The Collaborator

On the road, as I think I have thought about in previous posts, I knew I would find it hard to write music...

But I truly had no idea, that on a trip which is about music, how little I would actually get to play! Perhaps it would be different if I was a guitar player - I could pull out my guitar wherever we happen to be, with no need for electricity or amplification. But with my electric piano, no matter how much I love it, the number of times that I have been able to get it out just to play, practice, write... well I can count them on one hand.

20150812 The Collaborator

Surprisingly, I have been able to write quite a number of songs - but just the lyrics. And so, not wanting to wait until we return to Hong Kong until I start to develop them musically, I have been sending them to my brother in England.

It is a fantastic thing to have a little brother who is a better piano player than me!

I write lyrics, usually divided into “verse”, “chorus” and “bridge” sections, with a couple of notes about inspiration or feel or time signature. But that’s all I give him, and then he starts to pull ideas together.

It has been amazing to hear the short demos that he sends back. Sometimes they are what I had in mind, sometimes they are totally different. Sometimes they don’t fit my vision, but most of the time, they totally capture the mood and the purpose of the song.

I have never collaborated like this in my “adult” songwriter life. When I was a kid, the first songs I wrote were with friends. But, I think songwriting has always been such a personal and introspective, delicate process for me, so I have always feared sharing it with anyone else lest... actually I don’t know why.

But I have found this process to be absolutely rewarding - the songs that we are writing are richer, more intriguing, more musically interesting than anything I would have written by myself.

Two heads are better than one.

But I couldn’t have shared the creative process with just anyone. What I have learned is that, to collaborate with someone:

1) You have to trust them. You have to trust that they will honour and protect you and your work with integrity. If you don’t trust, you won’t share your best work.

2) You have to be honest, always. If you like an idea, say so. If you don’t like an idea, say so! If you stop being honest, the work that you create will not reflect your intention at all and you will end up with something that is weak, watered down and not what you wanted to portray.

3) You have to respect each other’s work. Find someone who you admire and whose work you love. And make sure that they love your work and respect your skill and creativeness. If you feel superior to the person that you are working with, you will not take their opinions and suggestions to heart. And if you feel inferior, you won’t feel comfortable sharing ideas. Mutual respect is the only place in which creativity can grow.

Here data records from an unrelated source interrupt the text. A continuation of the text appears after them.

lemma mu_le_half_interval_weights:
  assumes U_T: "\<rho> \<in> U_T" and P_pos: "0 < P"
    and b_lower: "\<And>k. real_of_int k * P \<le> b k" and b_upper: "\<And>k. b k + 1/2 \<le> (real_of_int k + 1) * P"
  shows "\<exists>C>0. \<forall>T. ennreal (mu (T - P) \<rho>) \<le> ennreal C *
    (\<integral>\<^sup>+ t. ennreal (\<rho> t) * (\<Sum>k\<in>block_indices T P. indicator {b k..b k + 1/2} t) \<partial>lborel)"
proof -
  obtain C where C_pos: "0 < C" and comparable: "\<forall>A b'. A \<le> b' \<longrightarrow> b' \<le> A + P \<longrightarrow>
      (\<integral>\<^sup>+ t. ennreal (\<rho> t) * indicator {A..A + P} t \<partial>lborel)
        \<le> ennreal C * (\<integral>\<^sup>+ t. ennreal (\<rho> t) * indicator {b'..b' + 1/2} t \<partial>lborel)"
    using block_weight_comparable[OF U_T] by blast
  have sum_integral: "(\<Sum>k\<in>block_indices T P. \<integral>\<^sup>+ t. ennreal (\<rho> t) * indicator {b k..b k + 1/2} t \<partial>lborel)
      = (\<integral>\<^sup>+ t. ennreal (\<rho> t) * (\<Sum>k\<in>block_indices T P. indicator {b k..b k + 1/2} t) \<partial>lborel)" for T
    unfolding sum_distrib_left using U_T_borel_measurable[OF U_T]
    by (intro nn_integral_sum[symmetric]) auto
  have "ennreal (mu (T - P) \<rho>) \<le> ennreal C *
      (\<integral>\<^sup>+ t. ennreal (\<rho> t) * (\<Sum>k\<in>block_indices T P. indicator {b k..b k + 1/2} t) \<partial>lborel)" for T
  proof -
    have "ennreal (mu (T - P) \<rho>) \<le> (\<Sum>k\<in>block_indices T P.
        \<integral>\<^sup>+ t. ennreal (\<rho> t) * indicator {real_of_int k * P..real_of_int k * P + P} t \<partial>lborel)"
      by (rule mu_le_block_sum[OF U_T P_pos])
    also have "\<dots> \<le> (\<Sum>k\<in>block_indices T P.
        ennreal C * (\<integral>\<^sup>+ t. ennreal (\<rho> t) * indicator {b k..b k + 1/2} t \<partial>lborel))"
    proof (rule sum_mono)
      fix k
      have "real_of_int k * P \<le> b k" "b k \<le> real_of_int k * P + P"
        using b_lower[of k] b_upper[of k] by (auto simp: algebra_simps)
      with comparable show "(\<integral>\<^sup>+ t. ennreal (\<rho> t) * indicator {real_of_int k * P..real_of_int k * P + P} t \<partial>lborel)
          \<le> ennreal C * (\<integral>\<^sup>+ t. ennreal (\<rho> t) * indicator {b k..b k + 1/2} t \<partial>lborel)"
        by blast
    qed
    also have "\<dots> = ennreal C *
        (\<integral>\<^sup>+ t. ennreal (\<rho> t) * (\<Sum>k\<in>block_indices T P. indicator {b k..b k + 1/2} t) \<partial>lborel)"
      by (simp only: sum_distrib_left[symmetric] sum_integral)
    finally show ?thesis .
  qed
  with C_pos show ?thesis by blast
qed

Above all, be open, be humble and see what comes out. I have been blessed and surprised by the new ideas that my brother has recorded - each time he sends me something new, I get so excited that I want to jump on a plane to England and sit down at the piano with him.

I really never thought that I would be able to be a collaborative artist - but, when you find the right person, the results can be just stunning, and I can’t wait to share the songs we have written together!